_EXERCISE_
Write out, word for word, the first line of the data below and every line after it through the one containing "with lower show".

[Data records]

lemma monic_poly_if_power_combination:
  fixes w :: "'a::idom fract"
  assumes "w ^ Suc N = (\<Sum>k\<le>N. to_fract (r k) * w ^ k)"
  obtains p :: "'a poly" where "lead_coeff p = 1" "poly (fract_poly p) w = 0"
proof
  define p where "p = monom (1::'a) (Suc N) - (\<Sum>k\<le>N. monom (r k) k)"
  have lower: "degree (\<Sum>k\<le>N. monom (r k) k) \<le> N"
    by (rule degree_sum_le) (auto intro: order.trans[OF degree_monom_le])
  then have "degree p = Suc N"
    using degree_add_eq_left[of "- (\<Sum>k\<le>N. monom (r k) k)" "monom 1 (Suc N)"]
    by (simp add: p_def degree_monom_eq)
  with lower show "lead_coeff p = 1" by (simp add: p_def coeff_eq_0)
  have "poly (fract_poly p) w = w ^ Suc N - (\<Sum>k\<le>N. to_fract (r k) * w ^ k)"
    by (simp add: p_def fract_poly_sum map_poly_monom poly_sum poly_monom)
  with assms show "poly (fract_poly p) w = 0" by simp
qed

lemma noetherian_integral_if_bounded_denominator:
  fixes q :: "'a::idom" and w :: "'a fract"
  assumes noeth: "noetherian_ring TYPE('a)" and "q \<noteq> 0"
    and bounded: "\<And>n. to_fract q * w ^ n \<in> range to_fract"
  obtains p :: "'a poly" where "lead_coeff p = 1" "poly (fract_poly p) w = 0"
proof -
  define J where
    "J n = {y. \<exists>r. to_fract y = to_fract q * (\<Sum>k\<le>n. to_fract (r k) * w ^ k)}" for n
  \<comment> \<open>where this chain becomes stationary, \<open>q w ^ (N + 1)\<close> is a combination of the
    \<open>q w ^ k\<close> with \<open>k \<le> N\<close>, so \<open>w\<close> is integral\<close>
  have "J n \<subseteq> J (Suc n)" for n
  proof
    fix y assume "y \<in> J n"
    then obtain r where "to_fract y = to_fract q * (\<Sum>k\<le>n. to_fract (r k) * w ^ k)"
      unfolding J_def by blast
    then show "y \<in> J (Suc n)" unfolding J_def
      by (intro CollectI exI[of _ "\<lambda>k. if k \<le> n then r k else 0"]) simp
  qed
  with is_ideal_polynomial_multiples obtain N where J_Suc: "J (Suc N) = J N"
    unfolding J_def by (rule noetherian_ring_chain_stationary[OF noeth])
  obtain s where s: "to_fract s = to_fract q * w ^ Suc N" using bounded by (metis rangeE)
  have "s \<in> J (Suc N)" unfolding J_def
  proof (intro CollectI exI[of _ "\<lambda>k. if k = Suc N then 1 else 0"])
    have "(\<Sum>k\<le>Suc N. to_fract (if k = Suc N then 1 else 0) * w ^ k) = w ^ Suc N"
      by (simp add: if_distrib cong: if_cong)
    with s show "to_fract s
        = to_fract q * (\<Sum>k\<le>Suc N. to_fract (if k = Suc N then 1 else 0) * w ^ k)"
      by simp
  qed
  then have "s \<in> J N" using J_Suc by simp
  then obtain r where "to_fract s = to_fract q * (\<Sum>k\<le>N. to_fract (r k) * w ^ k)"
    unfolding J_def by blast
  with s \<open>q \<noteq> 0\<close> have "w ^ Suc N = (\<Sum>k\<le>N. to_fract (r k) * w ^ k)" by simp
  with monic_poly_if_power_combination that show thesis by blast
qed
(* For every integer $n\ge 1$, $$\Delta_n=2^{-n}\,\frac{1}{2\pi i}\oint_C \mathbf{1}^{T}\,\frac{A(z)^{n-1}-A(1/z)^{n-1}}{1-z}\,\mathbf{1}\,dz,$$ where $A(z)=\begin{pmatrix}1 & 1/z\\ 1 & z\end{pmatrix}$, $\mathbf 1=(1,1)^T$, and $C$ is any positively oriented simple closed contour in $\mathbb C$ enclosing the origin (and not passing through $0$).
   Context: A fair coin is flipped $n$ times, producing a sequence $x_1,\dots,x_n\in\{H,T\}$ of independent uniformly random outcomes. Alice's score is the number of indices $i\in\{1,\dots,n-1\}$ with $(x_i,x_{i+1})=(H,H)$; Bob's score is the number of indices $i\in\{1,\dots,n-1\}$ with $(x_i,x_{i+1})=(H,T)$. Let $P_n(\mathrm{Bob})$ be the probability that Bob's score is strictly larger than Alice's, $P_n(\mathrm{Alice})$ the probability that Alice's score is strictly larger than Bob's, and $\Delta_n=P_n(\mathrm{Bob})-P_n(\mathrm{Alice})$. *)

theory Defs
  imports "HOL-Complex_Analysis.Complex_Analysis"
begin

text \<open>Coin sequences of length n: lists of booleans, True = H, False = T.
  All 2^n sequences are equally likely.\<close>

definition alice_score :: "bool list \<Rightarrow> nat" where
  "alice_score x = card {i. i + 1 < length x \<and> x ! i \<and> x ! (i + 1)}"

definition bob_score :: "bool list \<Rightarrow> nat" where
  "bob_score x = card {i. i + 1 < length x \<and> x ! i \<and> \<not> x ! (i + 1)}"

definition coin_seqs :: "nat \<Rightarrow> bool list set" where
  "coin_seqs n = {x. length x = n}"

definition P_Bob :: "nat \<Rightarrow> real" where
  "P_Bob n = real (card {x \<in> coin_seqs n. bob_score x > alice_score x}) / 2 ^ n"

definition P_Alice :: "nat \<Rightarrow> real" where
  "P_Alice n = real (card {x \<in> coin_seqs n. alice_score x > bob_score x}) / 2 ^ n"

definition Delta :: "nat \<Rightarrow> real" where
  "Delta n = P_Bob n - P_Alice n"

primrec matpow :: "'a::semiring_1 ^'n ^'n \<Rightarrow> nat \<Rightarrow> 'a ^'n ^'n" where
  "matpow M 0 = mat 1"
| "matpow M (Suc k) = M ** matpow M k"

definition Amat :: "complex \<Rightarrow> complex ^2 ^2" where
  "Amat z = vector [vector [1, 1 / z], vector [1, z]]"

definition ones2 :: "complex ^2" where
  "ones2 = vector [1, 1]"

end

theory Submission
  imports Defs
begin

text \<open>Let \<open>d(x)\<close> be Alice's score minus Bob's. Appending a coin to a sequence ending in T does not
  change \<open>d\<close>, while appending H resp. T to a sequence ending in H changes it by \<open>+1\<close> resp. \<open>-1\<close>.
  Hence, splitting the Laurent polynomial \<open>\<Sum>\<^sub>x z^d(x)\<close> over sequences of length \<open>k + 1\<close> by the
  last coin, the vector of the two parts is \<open>A(z)\<^sup>k 1\<close>, and the integrand is
  \<open>\<Sum>\<^sub>x (z^d(x) - z^-d(x)) / (1 - z)\<close>. For \<open>d > 0\<close> the summand is \<open>-(z^-d + \<dots> + z^(d-1))\<close>,
  whose residue at 0 is \<open>-1\<close>, and symmetrically \<open>+1\<close> for \<open>d < 0\<close>; so the integral counts
  Bob's wins minus Alice's wins.\<close>

definition adjacent_count :: "('a \<Rightarrow> 'a \<Rightarrow> bool) \<Rightarrow> 'a list \<Rightarrow> nat" where
  "adjacent_count P x = card {i. i + 1 < length x \<and> P (x ! i) (x ! (i + 1))}"

lemma adjacent_count_snoc:
  "adjacent_count P (x @ [b]) = adjacent_count P x + (if x \<noteq> [] \<and> P (last x) b then 1 else 0)"
proof -
  let ?S = "{i. i + 1 < length x \<and> P (x ! i) (x ! (i + 1))}"
  have split: "{i. i + 1 < length (x @ [b]) \<and> P ((x @ [b]) ! i) ((x @ [b]) ! (i + 1))} =
      ?S \<union> (if x \<noteq> [] \<and> P (last x) b then {length x - 1} else {})"
  proof (rule set_eqI)
    fix i
    consider "i + 1 < length x" | "i + 1 = length x" | "i + 1 > length x" by linarith
    then show "i \<in> {i. i + 1 < length (x @ [b]) \<and> P ((x @ [b]) ! i) ((x @ [b]) ! (i + 1))} \<longleftrightarrow>
        i \<in> ?S \<union> (if x \<noteq> [] \<and> P (last x) b then {length x - 1} else {})"
    proof cases
      case 2
      then have x: "x \<noteq> []" "i = length x - 1" by auto
      then have "x ! i = last x" by (simp add: last_conv_nth)
      with 2 x show ?thesis by (auto simp: nth_append)
    qed (auto simp: nth_append)
  qed
  have "finite ?S" by (rule finite_subset[of _ "{..<length x}"]) auto
  moreover have "length x - 1 \<notin> ?S" by auto
  ultimately show ?thesis
    unfolding adjacent_count_def split by auto
qed

lemma alice_score_adjacent_count: "alice_score = adjacent_count (\<lambda>u v. u \<and> v)"
  by (simp add: fun_eq_iff alice_score_def adjacent_count_def)

lemma bob_score_adjacent_count: "bob_score = adjacent_count (\<lambda>u v. u \<and> \<not> v)"
  by (simp add: fun_eq_iff bob_score_def adjacent_count_def)

definition score_diff :: "bool list \<Rightarrow> int" where
  "score_diff x = int (alice_score x) - int (bob_score x)"

lemma score_diff_snoc:
  "x \<noteq> [] \<Longrightarrow> score_diff (x @ [b]) = score_diff x + (if last x then (if b then 1 else -1) else 0)"
  by (simp add: score_diff_def alice_score_adjacent_count bob_score_adjacent_count
      adjacent_count_snoc)

lemma finite_coin_seqs: "finite (coin_seqs n)"
  unfolding coin_seqs_def using finite_lists_length_eq[of "UNIV :: bool set" n] by simp

lemma coin_seqs_last_eq_image_snoc:
  "{x \<in> coin_seqs (Suc n). last x = b} = (\<lambda>x. x @ [b]) ` coin_seqs n"
proof (intro equalityI subsetI)
  fix x assume "x \<in> {x \<in> coin_seqs (Suc n). last x = b}"
  then have x: "length x = Suc n" "last x = b" by (auto simp: coin_seqs_def)
  then have "x \<noteq> []" by auto
  with x(2) have "x = butlast x @ [b]" using append_butlast_last_id[of x] by simp
  moreover have "butlast x \<in> coin_seqs n" using x by (simp add: coin_seqs_def)
  ultimately show "x \<in> (\<lambda>x. x @ [b]) ` coin_seqs n" by blast
qed (auto simp: coin_seqs_def)

lemma sum_coin_seqs_split_last:
  "(\<Sum>x\<in>coin_seqs n. f x) =
     (\<Sum>x\<in>{x \<in> coin_seqs n. last x = False}. f x) + (\<Sum>x\<in>{x \<in> coin_seqs n. last x = True}. f x)"
proof -
  have "{x \<in> coin_seqs n. last x = True} = coin_seqs n \<inter> {x. last x}"
    "{x \<in> coin_seqs n. last x = False} = coin_seqs n \<inter> - {x. last x}" by auto
  then show ?thesis
    using sum.Int_Diff[of "coin_seqs n" f "{x. last x}"] finite_coin_seqs
    by (simp add: Diff_eq add.commute)
qed

definition last_coin_gf :: "complex \<Rightarrow> nat \<Rightarrow> bool \<Rightarrow> complex" where
  "last_coin_gf z k b = (\<Sum>x\<in>{x \<in> coin_seqs (Suc k). last x = b}. z powi score_diff x)"

lemma last_coin_gf_0: "last_coin_gf z 0 b = 1"
proof -
  have "{x \<in> coin_seqs (Suc 0). last x = b} = {[b]}"
    by (auto simp: coin_seqs_def length_Suc_conv)
  moreover have "score_diff [b] = 0"
    by (simp add: score_diff_def alice_score_def bob_score_def)
  ultimately show ?thesis by (simp add: last_coin_gf_def)
qed

lemma last_coin_gf_Suc:
  assumes "z \<noteq> 0"
  shows "last_coin_gf z (Suc k) b =
    last_coin_gf z k False + (if b then z else 1 / z) * last_coin_gf z k True"
proof -
  have inj: "inj_on (\<lambda>x. x @ [b]) (coin_seqs (Suc k))" by (auto simp: inj_on_def)
  have "last_coin_gf z (Suc k) b = (\<Sum>x\<in>coin_seqs (Suc k). z powi score_diff (x @ [b]))"
    unfolding last_coin_gf_def coin_seqs_last_eq_image_snoc by (simp add: sum.reindex[OF inj])
  also have "\<dots> = (\<Sum>x\<in>coin_seqs (Suc k).
      (if last x then (if b then z else 1 / z) else 1) * z powi score_diff x)"
  proof (intro sum.cong refl)
    fix x assume "x \<in> coin_seqs (Suc k)"
    then have "x \<noteq> []" by (auto simp: coin_seqs_def)
    then show "z powi score_diff (x @ [b]) =
        (if last x then (if b then z else 1 / z) else 1) * z powi score_diff x"
      using assms by (auto simp: score_diff_snoc power_int_add power_int_diff field_simps)
  qed
  also have "\<dots> = last_coin_gf z k False + (if b then z else 1 / z) * last_coin_gf z k True"
    by (subst sum_coin_seqs_split_last) (simp add: last_coin_gf_def sum_distrib_left)
  finally show ?thesis .
qed

lemma matpow_Amat_ones2:
  assumes "z \<noteq> 0"
  shows "matpow (Amat z) k *v ones2 = vector [last_coin_gf z k False, last_coin_gf z k True]"
proof (induction k)
  case 0
  show ?case by (simp add: ones2_def last_coin_gf_0)
next
  case (Suc k)
  have "matpow (Amat z) (Suc k) *v ones2 = Amat z *v (matpow (Amat z) k *v ones2)"
    by (simp add: matrix_vector_mul_assoc)
  also have "\<dots> = vector [last_coin_gf z (Suc k) False, last_coin_gf z (Suc k) True]"
    unfolding Suc last_coin_gf_Suc[OF assms]
    by (simp add: Amat_def matrix_vector_mult_def vec_eq_iff forall_2 sum_2 algebra_simps)
  finally show ?case .
qed

lemma sum_matpow_Amat_ones2:
  assumes "z \<noteq> 0"
  shows "(\<Sum>i\<in>UNIV. (matpow (Amat z) k *v ones2) $ i) =
    (\<Sum>x\<in>coin_seqs (Suc k). z powi score_diff x)"
  by (simp add: matpow_Amat_ones2[OF assms] sum_2 sum_coin_seqs_split_last[of _ "Suc k"]
      last_coin_gf_def)

lemma sum_matpow_Amat_diff_quotient:
  assumes "z \<noteq> 0"
  shows "(\<Sum>i\<in>UNIV. ((matpow (Amat z) k - matpow (Amat (1 / z)) k) *v ones2) $ i) / (1 - z) =
    (\<Sum>x\<in>coin_seqs (Suc k). (z powi score_diff x - z powi - score_diff x) / (1 - z))"
proof -
  have "(\<Sum>i\<in>UNIV. ((matpow (Amat z) k - matpow (Amat (1 / z)) k) *v ones2) $ i) =
      (\<Sum>x\<in>coin_seqs (Suc k). z powi score_diff x) -
      (\<Sum>x\<in>coin_seqs (Suc k). z powi - score_diff x)"
    using assms
    by (simp add: matrix_vector_mult_diff_rdistrib sum_subtractf sum_matpow_Amat_ones2
        power_int_one_over power_int_minus_divide)
  then show ?thesis
    by (simp only: sum_divide_distrib[symmetric] sum_subtractf)
qed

_ANSWER BELOW_
lemma monic_poly_if_power_combination:
  fixes w :: "'a::idom fract"
  assumes "w ^ Suc N = (\<Sum>k\<le>N. to_fract (r k) * w ^ k)"
  obtains p :: "'a poly" where "lead_coeff p = 1" "poly (fract_poly p) w = 0"
proof
  define p where "p = monom (1::'a) (Suc N) - (\<Sum>k\<le>N. monom (r k) k)"
  have lower: "degree (\<Sum>k\<le>N. monom (r k) k) \<le> N"
    by (rule degree_sum_le) (auto intro: order.trans[OF degree_monom_le])
  then have "degree p = Suc N"
    using degree_add_eq_left[of "- (\<Sum>k\<le>N. monom (r k) k)" "monom 1 (Suc N)"]
    by (simp add: p_def degree_monom_eq)
  with lower show "lead_coeff p = 1" by (simp add: p_def coeff_eq_0)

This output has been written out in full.